_RECORD EXTRACTS_
○ ○ ○ ○ ○ ○ ○

(* Let $\kappa$ be an uncountable regular cardinal and $\mu$ a cardinal with $\mu=\mu^{<\kappa}<2^\kappa$. Assume that every subset of ${}^\kappa\kappa$ of cardinality $\mu$ is a $\mathbf{\Sigma}^1_1$-subset. Then every continuous image of a closed subset of ${}^\kappa\mu$ (i.e. every set of the form $\mathrm{ran}(f)$ where $A\subseteq{}^\kappa\mu$ is closed and $f:A\to{}^\kappa\kappa$ is continuous) is a $\mathbf{\Sigma}^1_1$-subset of ${}^\kappa\kappa$.
   Context: For a cardinal $\nu$, ${}^\kappa\nu$ carries the topology with basic open sets $N_s=\{x\in{}^\kappa\nu : s\subseteq x\}$, $s$ a function from an ordinal below $\kappa$ to $\nu$. A subset of ${}^\kappa\kappa$ is $\mathbf{\Sigma}^1_1$ if it is the projection onto the first coordinate of a closed subset of ${}^\kappa\kappa\times{}^\kappa\kappa$. *)

theory Defs
  imports "HOL-Analysis.Analysis"
begin

text \<open>The cardinal kappa is represented by a cardinal well-order k (on Field k);
ordinals below kappa are the elements of Field k, and the ordinal alpha is
identified with its set of predecessors underS k alpha.\<close>

definition gbaire_space :: "'a rel \<Rightarrow> 'b set \<Rightarrow> ('a \<Rightarrow> 'b) set" where
  "gbaire_space k V = (Field k \<rightarrow>\<^sub>E V)"

definition gbaire_basic :: "'a rel \<Rightarrow> 'b set \<Rightarrow> ('a \<Rightarrow> 'b) set set" where
  "gbaire_basic k V =
     {{x \<in> gbaire_space k V. \<forall>\<beta>\<in>underS k \<alpha>. x \<beta> = s \<beta>} | \<alpha> s.
        \<alpha> \<in> Field k \<and> s \<in> underS k \<alpha> \<rightarrow>\<^sub>E V}"

definition gbaire :: "'a rel \<Rightarrow> 'b set \<Rightarrow> ('a \<Rightarrow> 'b) topology" where
  "gbaire k V = subtopology (topology_generated_by (gbaire_basic k V)) (gbaire_space k V)"

definition Sigma11 :: "'a rel \<Rightarrow> ('a \<Rightarrow> 'a) set \<Rightarrow> bool" where
  "Sigma11 k X \<longleftrightarrow>
     (\<exists>C. closedin (prod_topology (gbaire k (Field k)) (gbaire k (Field k))) C \<and> X = fst ` C)"

end

theory Submission
  imports Defs
begin

text \<open>
  Fix a pairing of \<kappa> \<times> \<kappa> onto \<kappa> and an injection of M into \<kappa>^\<kappa> (names). For
  \<alpha> < \<kappa> and x \<in> A, the triple (\<alpha>, f(x) below \<alpha>, names of x below \<alpha>) is coded by a point
  of \<kappa>^\<kappa>. As \<mu>^<\<kappa> = \<mu> there are at most \<mu> codes; padded with \<mu> further
  points they form a set of size \<mu>, hence the projection of a closed set D. Now y \<in> f[A] iff
  some p \<in> \<kappa>^\<kappa> encodes a sequence of names together with, for every \<alpha>, a D-witness for
  the code of \<alpha>, y and these names. Such pairs (y, p) form a closed set because every
  coordinate of a code depends on a single coordinate of p and on y below \<alpha>, and \<kappa> is
  regular. Conversely such a p yields, for each \<alpha>, a point x_\<alpha> \<in> A whose names and image
  agree below \<alpha> with those given by p and y; the names glue to a point x, which lies in A
  because A is closed, and f(x) = y by continuity. The case |M| \<le> 1 is trivial, and otherwise
  \<mu>^<\<kappa> = \<mu> forces \<kappa> \<le> \<mu>, as needed for counting the codes.
\<close>

unbundle cardinal_syntax

section \<open>Cardinal arithmetic\<close>

lemma Func_eq_PiE: "Func A B = A \<rightarrow>\<^sub>E B"
  by (auto simp: Func_def PiE_def extensional_def)

lemma card_of_PiE_mono2:
  assumes "|B| \<le>o |B'|"
  shows "|A \<rightarrow>\<^sub>E B| \<le>o |A \<rightarrow>\<^sub>E B'|"
  using cexp_mono1[OF assms card_of_Card_order[of A]] by (simp add: cexp_def Func_eq_PiE Field_card_of)

lemma card_of_Pow_ordLeq_PiE:
  assumes "m \<in> M" "m' \<in> M" "m \<noteq> m'"
  shows "|Pow S| \<le>o |S \<rightarrow>\<^sub>E M|"
proof -
  have "inj_on (\<lambda>b. if b then m else m') UNIV" "(\<lambda>b. if b then m else m') ` UNIV \<subseteq> M"
    using assms by (auto simp: inj_on_def)
  then have "|UNIV :: bool set| \<le>o |M|"
    by (subst card_of_ordLeq[symmetric]) blast
  then have "|Func S (UNIV :: bool set)| \<le>o |S \<rightarrow>\<^sub>E M|"
    unfolding Func_eq_PiE by (rule card_of_PiE_mono2)
  with card_of_Pow_Func show ?thesis
    by (rule ordIso_ordLeq_trans)
qed

lemma card_of_PiE_Times_ordLeq:
  assumes "infinite M" "|N| \<le>o |M|" "|S \<rightarrow>\<^sub>E M| \<le>o |M|"
  shows "|S \<rightarrow>\<^sub>E (N \<times> M)| \<le>o |M|"
proof -
  have "|N \<times> M| \<le>o |M|"
  proof (cases "N = {}")
    case True
    then show ?thesis by (simp add: card_of_empty)
  next
    case False
    then show ?thesis
      using card_of_Times_infinite[OF assms(1) False assms(2)] ordIso_imp_ordLeq by blast
  qed
  then show ?thesis
    by (rule ordLeq_transitive[OF card_of_PiE_mono2 assms(3)])
qed

lemma card_of_ordLess_imp_ordLeq_underS:
  assumes "Card_order k" "|A| <o k"
  shows "\<exists>\<alpha>\<in>Field k. |A| \<le>o |underS k \<alpha>|"
proof -
  have "Well_order k"
    using assms(1) card_order_on_well_order_on by blast
  then obtain \<alpha> where \<alpha>: "\<alpha> \<in> Field k" "( |A|, Restr k (underS k \<alpha>)) \<in> ordIso"
    using assms(2) ordLess_iff_ordIso_Restr[OF _ card_of_Well_order] by blast
  have "|A| \<le>o |Field (Restr k (underS k \<alpha>))|"
    using card_of_mono2[OF ordIso_imp_ordLeq[OF \<alpha>(2)]] by (simp add: Field_card_of)
  also have "|Field (Restr k (underS k \<alpha>))| \<le>o |underS k \<alpha>|"
    by (rule card_of_mono1[OF Field_Restr_subset])
  finally show ?thesis
    using \<alpha>(1) by blast
qed

lemma card_of_Field_ordLeq_if_PiE_ordLeq:
  assumes k: "Card_order k" and M: "m \<in> M" "m' \<in> M" "m \<noteq> m'"
    and small_powers: "\<forall>\<alpha>\<in>Field k. |underS k \<alpha> \<rightarrow>\<^sub>E M| \<le>o |M|"
  shows "|Field k| \<le>o |M|"
proof (rule ccontr)
  assume "\<not> |Field k| \<le>o |M|"
  then have "|M| <o |Field k|"
    using not_ordLeq_iff_ordLess[OF card_of_Well_order card_of_Well_order] by blast
  then have "|M| <o k"
    using card_of_Field_ordIso[OF k] by (rule ordLess_ordIso_trans)
  then obtain \<alpha> where \<alpha>: "\<alpha> \<in> Field k" "|M| \<le>o |underS k \<alpha>|"
    using card_of_ordLess_imp_ordLeq_underS[OF k] by blast
  have "|Pow (underS k \<alpha>)| \<le>o |underS k \<alpha> \<rightarrow>\<^sub>E M|"
    using card_of_Pow_ordLeq_PiE[OF M] .
  also have "|underS k \<alpha> \<rightarrow>\<^sub>E M| \<le>o |M|"
    using small_powers \<alpha>(1) by blast
  also note \<alpha>(2)
  finally show False
    using not_ordLess_ordLeq[OF card_of_Pow] by blast
qed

○ ○ ○ ○ ○ ○ ○

_PROBLEM REQUIREMENTS_
Retype the entries above exactly, but only from the line containing "text \<open>The cardinal" through the line containing "because A is", both included.

_OUTPUT OF THE TASK_
text \<open>The cardinal kappa is represented by a cardinal well-order k (on Field k);
ordinals below kappa are the elements of Field k, and the ordinal alpha is
identified with its set of predecessors underS k alpha.\<close>

definition gbaire_space :: "'a rel \<Rightarrow> 'b set \<Rightarrow> ('a \<Rightarrow> 'b) set" where
  "gbaire_space k V = (Field k \<rightarrow>\<^sub>E V)"

definition gbaire_basic :: "'a rel \<Rightarrow> 'b set \<Rightarrow> ('a \<Rightarrow> 'b) set set" where
  "gbaire_basic k V =
     {{x \<in> gbaire_space k V. \<forall>\<beta>\<in>underS k \<alpha>. x \<beta> = s \<beta>} | \<alpha> s.
        \<alpha> \<in> Field k \<and> s \<in> underS k \<alpha> \<rightarrow>\<^sub>E V}"

definition gbaire :: "'a rel \<Rightarrow> 'b set \<Rightarrow> ('a \<Rightarrow> 'b) topology" where
  "gbaire k V = subtopology (topology_generated_by (gbaire_basic k V)) (gbaire_space k V)"

definition Sigma11 :: "'a rel \<Rightarrow> ('a \<Rightarrow> 'a) set \<Rightarrow> bool" where
  "Sigma11 k X \<longleftrightarrow>
     (\<exists>C. closedin (prod_topology (gbaire k (Field k)) (gbaire k (Field k))) C \<and> X = fst ` C)"

end

theory Submission
  imports Defs
begin

text \<open>
  Fix a pairing of \<kappa> \<times> \<kappa> onto \<kappa> and an injection of M into \<kappa>^\<kappa> (names). For
  \<alpha> < \<kappa> and x \<in> A, the triple (\<alpha>, f(x) below \<alpha>, names of x below \<alpha>) is coded by a point
  of \<kappa>^\<kappa>. As \<mu>^<\<kappa> = \<mu> there are at most \<mu> codes; padded with \<mu> further
  points they form a set of size \<mu>, hence the projection of a closed set D. Now y \<in> f[A] iff
  some p \<in> \<kappa>^\<kappa> encodes a sequence of names together with, for every \<alpha>, a D-witness for
  the code of \<alpha>, y and these names. Such pairs (y, p) form a closed set because every
  coordinate of a code depends on a single coordinate of p and on y below \<alpha>, and \<kappa> is
  regular. Conversely such a p yields, for each \<alpha>, a point x_\<alpha> \<in> A whose names and image
  agree below \<alpha> with those given by p and y; the names glue to a point x, which lies in A
  because A is closed, and f(x) = y by continuity. The case |M| \<le> 1 is trivial, and otherwise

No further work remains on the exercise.